In 1737 the Tokaj Wine Region was declared the first closed wine region in the world; since 2002 it has belonged to the UNESCO World Heritage. The area of 6202 hectares (15,325 acres) lies in Northeastern Hungary, in a triangle between the Sátor hills of Abaújszántó and Sátoraljaújhely and the Kopasz hill in Tokaj.
Traditional Tokaj grape varieties: Furmint, Hárslevelű, Sárgamuskotály, Kövérszőlő, Zéta, Kabar – only wines from these varieties may receive the Protected Designation of Origin, Tokaji.
To taste and fall in love with Tokaji wines
Wines created in the Tokaj Wine Region have a unique character, a distinct minerality. They have a wonderfully taut acid structure and offer wines perfect for a light or a heavier meal or simply to enjoy during a pleasant afternoon chat with friends.
In the 16th century Tokaji wines superseded the role of Syrmian wines to become the favoured drink at the royal Hungarian court. The noble Tokaji wines soon became the favourite at the dinner table of ruling families of Europe, often the crowning glory at the end of great feasts. Louis XIVth regarded it as simply the “king of wines”.
The uniqueness of Tokaji wines is assured by the combination of several factors:
Several concepts related to Tokaji wines
Dry wines are equivalent to the old category, Vinum Ordinarium; wines made from the pressing of destemmed clusters of healthy, perfectly ripe or shrivelled berries with or without skin contact depending on the type of wine. We usually harvest in several stages to achieve maximum wine complexity. Our dry wines are aged in stainless steel or for up to several years in oak barrels.
Late harvest wines
We harvest bunches which include botrytised berries and press them together. After fermentation in stainless steel, we age the wines for several months in steel or oak barrels.
We harvest the bunches which contain grapes with Botrytis cinerea without individually selecting the aszú berries – to which the word of Polish origin Szamorodni refers, meaning: as it grew. The berries are pressed together. We mature the wines for at least one year in oak barrels and one year in the bottle.
Ripe berries affected by Botrytis cinerea begin on a path of noble rot and by the end of ripening have concentrated sugar and acid content.

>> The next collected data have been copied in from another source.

(* Let $C=(C_1,\dots,C_m)$ be a quantum circuit whose gates carry the distinct labels $1,\dots,m$ (gate $C_k$ has label $k$). Let $C'$ be a circuit obtained from $C$ by a finite sequence of swaps of adjacent gates whose unitaries commute, where each gate keeps its label from $C$. Let $G$ be the canonical form of $C$ and $G'$ the canonical form of $C'$, where in constructing $G'$ each vertex is labeled by the label (from $C$) of the gate it corresponds to. Then $G$ and $G'$ are the same labeled directed acyclic graph.
   Context: A gate is a unitary operation acting on a specified ordered list of qubits; we identify it with the unitary it induces on the full $n$-qubit space. Two gates $A,B$ commute if their unitaries satisfy $[A,B]=AB-BA=0$. A circuit is a finite sequence of gates $(C_1,\dots,C_m)$ (applied left to right). The canonical form of a circuit $D=(D_1,\dots,D_m)$ (each gate carrying a label) is the directed graph built as follows: start with the empty graph; for $t=1,\dots,m$: mark every vertex already in the graph as "reachable"; add a new vertex for gate $D_t$ (labeled with $D_t$'s label); then for $s=t-1,t-2,\dots,1$ in this order, if the vertex of $D_s$ is marked reachable and $[D_s,D_t]\neq 0$, add a directed edge from the vertex of $D_s$ to the vertex of $D_t$ and mark every predecessor of the vertex of $D_s$ (every vertex from which there is a directed path to it in the current graph) as not reachable. *)

theory Defs
  imports "Jordan_Normal_Form.Schur_Decomposition"
begin

(* A gate, identified with the unitary it induces on the full n-qubit space
   (a 2^n x 2^n complex matrix). *)
definition unitary_mat :: "nat \<Rightarrow> complex mat \<Rightarrow> bool" where
  "unitary_mat N U \<longleftrightarrow> U \<in> carrier_mat N N \<and> U * mat_adjoint U = 1\<^sub>m N \<and> mat_adjoint U * U = 1\<^sub>m N"

definition is_gate :: "nat \<Rightarrow> complex mat \<Rightarrow> bool" where
  "is_gate n U \<longleftrightarrow> unitary_mat (2 ^ n) U"

definition gates_commute :: "complex mat \<Rightarrow> complex mat \<Rightarrow> bool" where
  "gates_commute A B \<longleftrightarrow> A * B - B * A = 0\<^sub>m (dim_row A) (dim_col B)"
definition is_tiling :: "nat \<Rightarrow> nat \<Rightarrow> nat \<Rightarrow> nat \<Rightarrow> (nat \<times> nat) set set \<Rightarrow> bool" where
  "is_tiling a b m n T \<longleftrightarrow>
     (\<forall>S\<in>T. is_tile a b S) \<and>
     (\<forall>S\<in>T. \<forall>S'\<in>T. S \<noteq> S' \<longrightarrow> S \<inter> S' = {}) \<and>
     \<Union>T = {0..<m} \<times> {0..<n}"

definition T14_8 :: "nat \<Rightarrow> nat" where
  "T14_8 N = (if even N then card {T. is_tiling 1 4 8 (N div 2) T \<and> card T = N} else 0)"

end

(*
  Tilings of the 8 x n rectangle by 1 x 4 bars are counted row by row.  The first uncovered cell
  in row-major order must be the corner of a vertical or of a horizontal bar; recording for each
  column how far above the current row it is already covered (its profile) turns the count into
  a transfer recursion on profiles, and in a strip of width 8 only 52 profiles occur.  A linear
  recurrence that holds for 23 consecutive state vectors is propagated by the (linear) transfer to
  all later rows, so the generating function in the number n of rows is P(Y)/Q(Y) with explicit
  polynomials; substituting Y = z^2 (a tiling of 8 x n has N = 2n tiles) gives the claim.
*)
theory Submission
  imports Defs "HOL-Computational_Algebra.Polynomial_FPS"
begin

unbundle fps_syntax

section \<open>Tilings of a set of cells\<close>

definition tilings :: "nat \<Rightarrow> nat \<Rightarrow> (nat \<times> nat) set \<Rightarrow> (nat \<times> nat) set set set" where
  "tilings a b R = {T. (\<forall>S\<in>T. is_tile a b S) \<and>
     (\<forall>S\<in>T. \<forall>S'\<in>T. S \<noteq> S' \<longrightarrow> S \<inter> S' = {}) \<and> \<Union>T = R}"

lemma is_tiling_iff_tilings: "is_tiling a b m n T \<longleftrightarrow> T \<in> tilings a b ({0..<m} \<times> {0..<n})"
  unfolding is_tiling_def tilings_def by simp

lemma card_tile: "is_tile a b S \<Longrightarrow> card S = a * b"
  unfolding is_tile_def rect_def by (auto simp: card_cartesian_product)

lemma tile_nonempty: "is_tile a b S \<Longrightarrow> 0 < a \<Longrightarrow> 0 < b \<Longrightarrow> S \<noteq> {}"
  using card_tile by fastforce

lemma tilings_empty:
  assumes "0 < a" "0 < b"
  shows "tilings a b {} = {{}}"
  unfolding tilings_def using tile_nonempty[OF _ assms] by fastforce

lemma finite_tilings: "finite R \<Longrightarrow> finite (tilings a b R)"
  by (rule finite_subset[of _ "Pow (Pow R)"]) (auto simp: tilings_def)

lemma card_tiled_region:
  assumes "T \<in> tilings a b R" "finite R"
  shows "card R = a * b * card T"
proof -
  have T: "\<forall>S\<in>T. is_tile a b S" "pairwise disjnt T" "\<Union>T = R"
    using assms(1) unfolding tilings_def pairwise_def disjnt_def by auto
  have "finite T" "\<forall>S\<in>T. finite S"
    using assms(2) T(3) finite_UnionD by (blast, metis Union_upper finite_subset)
  then have "card R = (\<Sum>S\<in>T. card S)"
    using card_Union_disjoint[OF T(2)] T(3) by simp
  also have "\<dots> = (\<Sum>S\<in>T. a * b)"
    using T(1) card_tile by (intro sum.cong) auto
  also have "\<dots> = a * b * card T"
    by simp
  finally show ?thesis .
qed

definition first_cell :: "nat \<times> nat \<Rightarrow> (nat \<times> nat) set \<Rightarrow> bool" where
  "first_cell c R \<longleftrightarrow> c \<in> R \<and> (\<forall>(x, y)\<in>R. snd c < y \<or> (y = snd c \<and> fst c \<le> x))"

lemma tile_at_first_cell:
  assumes "is_tile a b S" "S \<subseteq> R" "(cx, cy) \<in> S" "first_cell (cx, cy) R"
  shows "S = rect cx cy a b \<or> S = rect cx cy b a"
proof -
  obtain x y where S: "S = rect x y a b \<or> S = rect x y b a"
    using assms(1) unfolding is_tile_def by blast
  have "x \<le> cx" "y \<le> cy" "(x, y) \<in> S"
    using assms(3) S unfolding rect_def by auto
  then have "x = cx \<and> y = cy"
    using assms(2,4) unfolding first_cell_def by fastforce
  then show ?thesis
    using S by blast
qed

lemma tilings_containing_tile:
  assumes "V \<subseteq> R" "is_tile a b V"
  shows "tilings a b R \<inter> {T. V \<in> T} = insert V ` tilings a b (R - V)"
proof (intro equalityI subsetI)
  fix T assume T: "T \<in> tilings a b R \<inter> {T. V \<in> T}"
  then have "T - {V} \<in> tilings a b (R - V)" and "T = insert V (T - {V})"
    unfolding tilings_def by blast+
  then show "T \<in> insert V ` tilings a b (R - V)" by blast
next
  fix T assume "T \<in> insert V ` tilings a b (R - V)"
  then obtain T' where T': "T' \<in> tilings a b (R - V)" "T = insert V T'" by blast
  then have "\<forall>S\<in>T'. S \<inter> V = {}"
    unfolding tilings_def by blast
  then show "T \<in> tilings a b R \<inter> {T. V \<in> T}"
    using T' assms unfolding tilings_def by auto
qed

We soak the individually, hand-picked aszú berries in high extract base wine or content must for 12 to 36 hours. Tokaji Aszú is a sweet wine that is required to be aged for minimum three years before sale. Before 2013 Aszú must be barrel-aged for 2 years and then matured in the bottle for 1 year. From 2013 it has been changed to 18 - 18 months.
In the early 20th century aszú berries were traditionally collected in a basket called “puttony”, from which the marker “puttonyos” originates. The puttony number can be 3, 4, 5, 6 and denotes the sugar content of the wine. Traditionally it referred to the number of puttony, that is baskets, of aszú berries added to one Gönci barrel (around 136 l) – today the puttony number refers to the sugar content of the wine, that can be between 60 and 180 g/l.
The equivalent of a wine with higher sugar than 6 puttonyos Aszú, we made Aszúeszencia in the same way as Aszú until 2011. The only difference was the sugar level: Aszú wines with over 180 g/l sugar could be called Aszú esszencia. However, the name confused consumers so, in accordance with EU ruling, since 2011 we label wines with over 180 g/l sugar as 6 puttonyos Aszú.
Esszencia or Naturesszencia
In a favourable vintage (enough sunshine, humidity and precipitation at the right time), the aszú berries rest in vats from which we can draw Tokaji Esszencia, a pure juice pressed only by the weight of the berries themselves. The most exclusive product of the Tokaj Wine Region, Esszencia has minimal alcohol and several hundred grams of sugar per litre. Over the centuries doctors prescribed it for patients and couples wanting to conceive.
Other traditional categories of Tokaji wine
The aszú paste that has been pressed to make Aszú wines is soaked in fermenting grapemust or wine of the same vintage, and then the wine is aged for at least one year in wooden barrels and one year in the bottle. The name literally means “turn over”.
The lees from Aszú making that remains after pressing is soaked in base wine or fermenting must of the same vintage. Thanks to the sugar content this ferments in stainless steel before one year aging in the barrel and one year in the bottle.